Alkohol jak to zwykle bywa, w najmniej odpowiednich momentach dodaje niemałej odwagi i Romeo w trzech szybkich, acz trochę chwiejnych krokach przeskoczył odległość dzielącą go od schowanej w cieniu sylwetki. Pożałował niemal od razu. Brudna twarz chłopca pojawiła się na wysokości jego oczu i mężczyzna uświadomił sobie, że klęczy przed tym dzieckiem, jednak nie pamiętał by padał na kolana.

Dokładnie w tym momencie, gdy wytrzeźwiał świat przysłoniła czerwień, a głowa eksplodowała bólem. Krew ściekająca z czoła nie pozwalała nic zobaczyć, ale on i tak wiedział. Ten mały sukinkot przeciął mu skórę jakimś nożem. W przypływie waleczności, menel postanowił głośno zaprotestować, lecz otwarcie ust było jednym z największych błędów, jakich miał żałować przez najbliższe 10 min. Żuchwa została wyrwana z czaszki i buchnęła kolejna fala krwi. Ostatnim, co zobaczył były dwa rzędy spiczastych jak gwoździe, zbliżających się do jego szyi zębów.

 

Przyszła pora, by zaczął wrzeszczeć.

 

 

W miejscu oddalonym wiele kilometrów od parku, w którym Romeo spotkał swoje przeznaczenie, Julia została gwałtownie wyrwana z sennego koszmaru. Śniła o ukochanym, pożeranym przez wielkiego fioletowego kota. Mrucząc rozkosznie chłeptał krew ofiary, a z każdym ugryzieniem przybierał coraz bardziej ludzki kształt. W końcu liście porwane przez wiatr zatańczyły wokół wyraźnej chłopięcej sylwetki. Oczy dziecka skierowały się w kierunku obserwującej scenę kobiety, a na ustach zakwitł przerażający uśmiech, mogący zwiastować tylko rychłą śmierć każdego, kto go zobaczy.

Romea znała od dziecięcych lat, dorastali razem bawiąc się na ulicach i chowając przed wzrokiem szczerze nienawidzących się nawzajem rodzin. Nierzadko schodzili do ciemnych piwnic, gdzie z duszą na ramieniu, wędrowali korytarzami tak blisko siebie, że czuli swoje ciepłe ciała, rozgrzane przez gorącą krew, którą pąpowało przestraszone serce.

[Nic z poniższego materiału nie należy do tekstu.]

lemma psd_factor_of_kernel_subset:
  fixes Z :: "real mat"
  assumes W: "psd d W" and Z: "Z \<in> carrier_mat d m"
    and ker: "mat_kernel W \<subseteq> mat_kernel (transpose_mat Z)"
  shows "\<exists>C\<in>carrier_mat d m. W * C = Z"
proof -
  have Wc: "W \<in> carrier_mat d d" using W unfolding psd_def by auto
  have "\<exists>c\<in>carrier_vec d. W *\<^sub>v c = col Z k" if "k < m" for k
  proof (rule psd_solvable_of_orthogonal_kernel[OF W])
    show "col Z k \<in> carrier_vec d" using Z by auto
    show "\<forall>x\<in>mat_kernel W. col Z k \<bullet> x = 0"
    proof
      fix x assume "x \<in> mat_kernel W"
      then have "transpose_mat Z *\<^sub>v x = 0\<^sub>v m" using ker Z unfolding mat_kernel_def by auto
      then show "col Z k \<bullet> x = 0"
        using that Z by (metis carrier_matD(2) index_mult_mat_vec index_transpose_mat(2,3)
            index_zero_vec(1) row_transpose)
    qed
  qed
  then obtain c where c: "\<And>k. k < m \<Longrightarrow> c k \<in> carrier_vec d \<and> W *\<^sub>v c k = col Z k"
    by metis
  define C where "C = mat d m (\<lambda>(i, k). c k $ i)"
  have "W * C = Z"
  proof (rule eq_matI)
    fix i k assume "i < dim_row Z" "k < dim_col Z"
    then have ik: "i < d" "k < m" using Z by auto
    have "col C k = c k" using c[OF ik(2)] ik(2) unfolding C_def by (intro eq_vecI) auto
    then have "(W * C) $$ (i, k) = (W *\<^sub>v c k) $ i"
      using Wc ik unfolding C_def by simp
    then show "(W * C) $$ (i, k) = Z $$ (i, k)" using c[OF ik(2)] ik Z by simp
  qed (use Wc Z in \<open>auto simp: C_def\<close>)
  then show ?thesis unfolding C_def by auto
qed

lemma quad_form_lower_bound:
  fixes G :: "'a \<Rightarrow> 'a \<Rightarrow> real"
  assumes "finite I"
  shows "- (\<Sum>k\<in>I. \<Sum>l\<in>I. \<bar>G k l\<bar>) * (\<Sum>l\<in>I. y l * y l) \<le> quad_form I G y"
proof -
  define S where "S = (\<Sum>l\<in>I. y l * y l)"
  have "- (\<bar>G k l\<bar> * S) \<le> y k * G k l * y l" if "k \<in> I" "l \<in> I" for k l
  proof -
    have "y k * y k \<le> S" "y l * y l \<le> S"
      unfolding S_def using assms that by (auto intro!: member_le_sum)
    moreover have "2 * \<bar>y k\<bar> * \<bar>y l\<bar> \<le> \<bar>y k\<bar>\<^sup>2 + \<bar>y l\<bar>\<^sup>2" by (rule sum_squares_bound)
    ultimately have "\<bar>y k * y l\<bar> \<le> S" by (simp add: abs_mult power2_eq_square)
    then have "\<bar>G k l\<bar> * \<bar>y k * y l\<bar> \<le> \<bar>G k l\<bar> * S" by (simp add: mult_left_mono)
    moreover have "\<bar>y k * G k l * y l\<bar> = \<bar>G k l\<bar> * \<bar>y k * y l\<bar>" by (simp add: abs_mult)
    ultimately show ?thesis by (metis abs_le_D2 minus_le_iff order_trans)
  qed
  then have "(\<Sum>k\<in>I. \<Sum>l\<in>I. - (\<bar>G k l\<bar> * S)) \<le> quad_form I G y"
    unfolding quad_form_def by (intro sum_mono) auto
  then show ?thesis
    unfolding S_def by (simp add: sum_negf sum_distrib_right)
qed

lemma scalar_prod_self_eq_0_iff:
  fixes v :: "real vec"
  shows "v \<bullet> v = 0 \<longleftrightarrow> v = 0\<^sub>v (dim_vec v)"
proof
  assume "v \<bullet> v = 0"
  then have "\<forall>i\<in>{0..<dim_vec v}. v $ i * v $ i = 0"
    unfolding scalar_prod_def by (subst sum_nonneg_eq_0_iff[symmetric]) auto
  then show "v = 0\<^sub>v (dim_vec v)" by (intro eq_vecI) auto
qed (metis carrier_vec_dim_vec scalar_prod_left_zero)
(* Let $H\ge1$, $\varepsilon\in(0,0.1]$, $\delta\in(0,1]$. For any MHR distribution $F$ supported on $[1,H]$, Algorithm U executed with $\ell=1$, $r=H$, $\gamma=1/e$, error parameter $\varepsilon$ and failure parameter $\delta$ (and a sufficiently large absolute constant $C$) outputs a price $p^{\mathsf{Alg}}$ such that $$\Pr\big[\mathrm{Rev}(p^{\mathsf{Alg}})\ge(1-5\varepsilon)\,\mathrm{Rev}(p^{\mathsf{opt}})\big]\ge 1-\delta,$$ using a total of $\mathcal{O}\big(\tfrac{1}{\varepsilon^2}\log^4\tfrac{H}{\varepsilon}\log\tfrac1\delta\big)$ pricing queries.
   Context: Pricing query model: the buyer's value has unknown CDF $F(p)=\Pr[v<p]$; a query at price $p$ draws a fresh independent $v\sim F$ and reveals only $\mathbf 1\{v\ge p\}$. $q(p)=1-F(p)$, $\mathrm{Rev}(p)=p\,q(p)$, and $p^{\mathsf{opt}}\in\arg\max_p\mathrm{Rev}(p)$. $F$ (with density $f$) is MHR if the hazard rate $f(v)/(1-F(v))$ is nondecreasing on its support. Logarithms are natural. Algorithm U (input $\ell,r,\delta,\varepsilon,\gamma$; absolute constant $C$): Let $S_1=\{(1+\varepsilon)^k\ell: k\in\mathbb{N}_0,\ (1+\varepsilon)^k\ell\le r\}$, $S_{can}=\emptyset$, $i=1$, $\widetilde R=22\log^2(r/\ell)+44\log(r/\ell)\log(1/\varepsilon)+66\log(1/\varepsilon)$. While $|S_i|\ge 20$: let $\ell_i=\min S_i$, $r_i=\max S_i$, $a_i=\min\{p\in S_i: p>\ell_i+0.2(r_i-\ell_i)\}$, $b_i=\min\{p\in S_i:p>\ell_i+0.5(r_i-\ell_i)\}$. Post $b_i$ for $C\log(\widetilde R/\delta)\gamma^{-1}$ queries and let $\widehat q(b_i)$ be the empirical purchase fraction. If $\widehat q(b_i)<0.75\gamma$, set $S_{i+1}=S_i\cap[\ell_i,b_i]$, $i\leftarrow i+1$, continue. Otherwise add $a_i,b_i$ to $S_{can}$; for $p\in\{a_i,b_i\}$ post $p$ for $C\log(\widetilde R/\delta)\gamma^{-1}\varepsilon^{-2}$ queries and set $\widehat{\mathrm{Rev}}(p)=p\cdot$(empirical purchase fraction). If $(1+\varepsilon)\widehat{\mathrm{Rev}}(a_i)<(1-\varepsilon)\widehat{\mathrm{Rev}}(b_i)$ set $S_{i+1}=S_i\cap[a_i,r_i]$, else $S_{i+1}=S_i\cap[\ell_i,b_i]$; $i\leftarrow i+1$. After the loop, add every $p$ of the final set to $S_{can}$, estimate $\widehat{\mathrm{Rev}}(p)$ for each $p\in S_{can}$ with $C\log(\widetilde R/\delta)\gamma^{-1}\varepsilon^{-2}$ fresh queries, and output $p^{\mathsf{Alg}}=\arg\max_{p\in S_{can}}\widehat{\mathrm{Rev}}(p)$. *)

theory Defs
  imports "HOL-Probability.Probability"
begin

definition sale_prob :: "real measure \<Rightarrow> real \<Rightarrow> real" where
  "sale_prob M p = measure M {v. p \<le> v}"

definition cdf_lt :: "real measure \<Rightarrow> real \<Rightarrow> real" where
  "cdf_lt M p = measure M {v. v < p}"

definition Rev :: "real measure \<Rightarrow> real \<Rightarrow> real" where
  "Rev M p = p * sale_prob M p"

definition MHR_on :: "real measure \<Rightarrow> (real \<Rightarrow> real) \<Rightarrow> real \<Rightarrow> bool" where
  "MHR_on M f H \<longleftrightarrow>
     prob_space M \<and> f \<in> borel_measurable borel \<and> (\<forall>v. 0 \<le> f v) \<and>
     M = density lborel f \<and> (\<forall>v. v \<notin> {1..H} \<longrightarrow> f v = 0) \<and>
     (\<forall>x y. 1 \<le> x \<longrightarrow> x \<le> y \<longrightarrow> y \<le> H \<longrightarrow> cdf_lt M y < 1 \<longrightarrow>
        f x / (1 - cdf_lt M x) \<le> f y / (1 - cdf_lt M y))"

definition grid :: "real \<Rightarrow> real \<Rightarrow> real \<Rightarrow> real set" where
  "grid l r \<epsilon> = {(1 + \<epsilon>) ^ k * l | k::nat. (1 + \<epsilon>) ^ k * l \<le> r}"

definition Rtilde :: "real \<Rightarrow> real \<Rightarrow> real \<Rightarrow> real" where
  "Rtilde l r \<epsilon> = 22 * (ln (r / l))\<^sup>2 + 44 * ln (r / l) * ln (1 / \<epsilon>) + 66 * ln (1 / \<epsilon>)"

text \<open>State: (S_i, S_can, number of queries used so far).
  A query batch of n posts at price p yields the number of purchases, distributed
  as binomial_pmf n (q p) (sum of n independent purchase indicators).
  The fuel argument only bounds the number of iterations; it is set to card S_1,
  which is never reached unless the loop fails to shrink S_i.\<close>
fun U_loop :: "(real \<Rightarrow> real) \<Rightarrow> real \<Rightarrow> real \<Rightarrow> nat \<Rightarrow> nat \<Rightarrow> nat \<Rightarrow>
    real set \<times> real set \<times> nat \<Rightarrow> (real set \<times> real set \<times> nat) pmf" where
  "U_loop q \<epsilon> \<gamma> n1 n2 0 st = return_pmf st"
| "U_loop q \<epsilon> \<gamma> n1 n2 (Suc fuel) (S, Sc, Q) =
    (if card S < 20 then return_pmf (S, Sc, Q) else
     (let l = Min S; r = Max S;
          a = Min {p \<in> S. p > l + 0.2 * (r - l)};
          b = Min {p \<in> S. p > l + 0.5 * (r - l)} in
      bind_pmf (binomial_pmf n1 (q b)) (\<lambda>k.
        if real k / real n1 < 0.75 * \<gamma>
        then U_loop q \<epsilon> \<gamma> n1 n2 fuel (S \<inter> {l..b}, Sc, Q + n1)
        else bind_pmf (binomial_pmf n2 (q a)) (\<lambda>ka.
             bind_pmf (binomial_pmf n2 (q b)) (\<lambda>kb.
               (let Ra = a * (real ka / real n2); Rb = b * (real kb / real n2) in
                U_loop q \<epsilon> \<gamma> n1 n2 fuel
                  (if (1 + \<epsilon>) * Ra < (1 - \<epsilon>) * Rb then S \<inter> {a..r} else S \<inter> {l..b},
                   Sc \<union> {a, b}, Q + n1 + 2 * n2)))))))"

fun est_list :: "(real \<Rightarrow> real) \<Rightarrow> nat \<Rightarrow> real list \<Rightarrow> (real \<times> real) list pmf" where
  "est_list q n [] = return_pmf []"
| "est_list q n (p # ps) =
    bind_pmf (binomial_pmf n (q p)) (\<lambda>k.
    bind_pmf (est_list q n ps) (\<lambda>rest. return_pmf ((p, p * (real k / real n)) # rest)))"

definition pick_argmax :: "(real \<times> real) list \<Rightarrow> real" where
  "pick_argmax L = Min {p. (p, Max (snd ` set L)) \<in> set L}"

text \<open>Algorithm U: returns the distribution of (output price, total number of queries).\<close>
definition AlgU :: "(real \<Rightarrow> real) \<Rightarrow> real \<Rightarrow> real \<Rightarrow> real \<Rightarrow> real \<Rightarrow> real \<Rightarrow> real \<Rightarrow>
    (real \<times> nat) pmf" where
  "AlgU q l r \<delta> \<epsilon> \<gamma> C =
    (let S1 = grid l r \<epsilon>;
         Rt = Rtilde l r \<epsilon>;
         n1 = nat \<lceil>C * ln (Rt / \<delta>) / \<gamma>\<rceil>;
         n2 = nat \<lceil>C * ln (Rt / \<delta>) / (\<gamma> * \<epsilon>\<^sup>2)\<rceil> in
     bind_pmf (U_loop q \<epsilon> \<gamma> n1 n2 (card S1) (S1, {}, 0)) (\<lambda>(S, Sc, Q).
       (let Sc' = Sc \<union> S in
        bind_pmf (est_list q n2 (sorted_list_of_set Sc')) (\<lambda>L.
          return_pmf (pick_argmax L, Q + n2 * card Sc')))))"

end

theory Submission
  imports Defs
begin

text \<open>Since the hazard rate \<open>f / q\<close> is nondecreasing, \<open>ln \<circ> q\<close> is concave on the support, and hence so
  is \<open>ln \<circ> Rev = ln + ln \<circ> q\<close>. Two consequences drive the analysis. First, \<open>q popt \<ge> 1/e\<close>, so the
  coarse test (empirical purchase rate below \<open>0.75/e\<close>) only discards prices above \<open>popt\<close>. Second,
  when the fine estimates at the probes \<open>a < b\<close> favour \<open>b\<close>, then \<open>a \<le> popt\<close>, because the revenue
  decreases beyond \<open>popt\<close>; when they favour \<open>a\<close> but \<open>popt > b\<close>, concavity of \<open>ln \<circ> Rev\<close> extrapolates
  the small estimated gain from \<open>a\<close> to \<open>b\<close> into \<open>Rev b \<ge> (1 - 4.9 \<epsilon>) Rev popt\<close>. So every round keeps
  the invariant: some candidate is near-optimal, or \<open>popt\<close> is bracketed by the current interval up
  to a factor \<open>1 + \<epsilon>\<close>. Each round shrinks the width of the interval by the factor \<open>0.8\<close>, so there
  are \<open>O(log (H/\<epsilon>))\<close> rounds. By Hoeffding's inequality every sample is accurate with probability
  \<open>1 - 2 (\<delta>/R)\<^sup>3\<close> with \<open>R = Rtilde 1 H \<epsilon>\<close>, and a union bound over the rounds and the
  final estimates, together with the loss \<open>0.07 \<epsilon> Rev popt\<close> of choosing by estimated revenue,
  gives the theorem.\<close>

section \<open>Log-concavity of MHR survival functions\<close>

lemma power_mult_le_of_local_growth:
  fixes \<phi> :: "real \<Rightarrow> real"
  assumes d: "0 \<le> d" "0 \<le> 1 + c * d"
    and step: "\<And>u. x \<le> u \<Longrightarrow> u + d \<le> y \<Longrightarrow> (1 + c * d) * \<phi> u \<le> \<phi> (u + d)"
  shows "x + real k * d \<le> y \<Longrightarrow> (1 + c * d) ^ k * \<phi> x \<le> \<phi> (x + real k * d)"
proof (induction k)
  case (Suc k)
  have "x + real k * d \<le> y"
    using Suc.prems d by (simp add: algebra_simps)
  then have "(1 + c * d) ^ Suc k * \<phi> x \<le> (1 + c * d) * \<phi> (x + real k * d)"
    using Suc.IH d by (simp add: mult.assoc mult_left_mono)
  also have "\<dots> \<le> \<phi> (x + real k * d + d)"
    using step[of "x + real k * d"] Suc.prems d by (simp add: algebra_simps)
  finally show ?case
    by (simp add: algebra_simps)
qed simp

lemma exp_mult_le_of_local_growth:
  fixes \<phi> :: "real \<Rightarrow> real"
  assumes "x \<le> y"
    and step: "\<And>u v. x \<le> u \<Longrightarrow> u \<le> v \<Longrightarrow> v \<le> y \<Longrightarrow> (1 + c * (v - u)) * \<phi> u \<le> \<phi> v"
  shows "exp (c * (y - x)) * \<phi> x \<le> \<phi> y"
proof (rule LIMSEQ_le_const2)
  show "(\<lambda>n. (1 + c * (y - x) / real n) ^ n * \<phi> x) \<longlonglongrightarrow> exp (c * (y - x)) * \<phi> x"
    by (intro tendsto_mult_right tendsto_exp_limit_sequentially)
  obtain N :: nat where N: "\<bar>c * (y - x)\<bar> < real N"
    using reals_Archimedean2 by blast
  show "\<exists>N. \<forall>n\<ge>N. (1 + c * (y - x) / real n) ^ n * \<phi> x \<le> \<phi> y"
  proof (intro exI allI impI)
    fix n assume n: "Suc N \<le> n"
    define d where "d = (y - x) / real n"
    have d: "0 \<le> d" "x + real n * d = y" "c * d = c * (y - x) / real n"
      using n \<open>x \<le> y\<close> by (auto simp: d_def)
    have "\<bar>c * (y - x)\<bar> / real n \<le> 1"
      using N n by (simp add: field_simps)
    moreover have "- (c * (y - x)) / real n \<le> \<bar>c * (y - x)\<bar> / real n"
      by (intro divide_right_mono) auto
    ultimately have "0 \<le> 1 + c * d"
      unfolding d(3) by simp
    moreover have "(1 + c * d) * \<phi> u \<le> \<phi> (u + d)" if "x \<le> u" "u + d \<le> y" for u
      using step[of u "u + d"] that d(1) by simp
    ultimately have "(1 + c * d) ^ n * \<phi> x \<le> \<phi> (x + real n * d)"
      using power_mult_le_of_local_growth[OF d(1)] d(2) by blast
    then show "(1 + c * (y - x) / real n) ^ n * \<phi> x \<le> \<phi> y"
      using d by simp
  qed
qed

Z biegiem czasu zbliżali się do siebie coraz bardziej, pewnego dnia odkrywając, że jedno kocha drugie, bardziej niż sam Bóg ukochał stworzony przez siebie padół łez. Niedługo później przekonali się, że nadzieja rzeczywiście umiera ostatnia. Nie było sposobu, aby mogli być razem nie prześladowani przez własne rodziny. Dlatego dobre 25 lat temu, w dowód swojej miłości postanowili nie wiązać się z nikim i przeżyć życie samotnie. Spotkali się nocą w ciemnym grobowcu. Nacięli żyły i zmieszali krew, pozwalając swym duszom spleść się na wieki w rytuale prastarej magii, podczas gdy ciała już wkrótce miały rozstać się na zawsze.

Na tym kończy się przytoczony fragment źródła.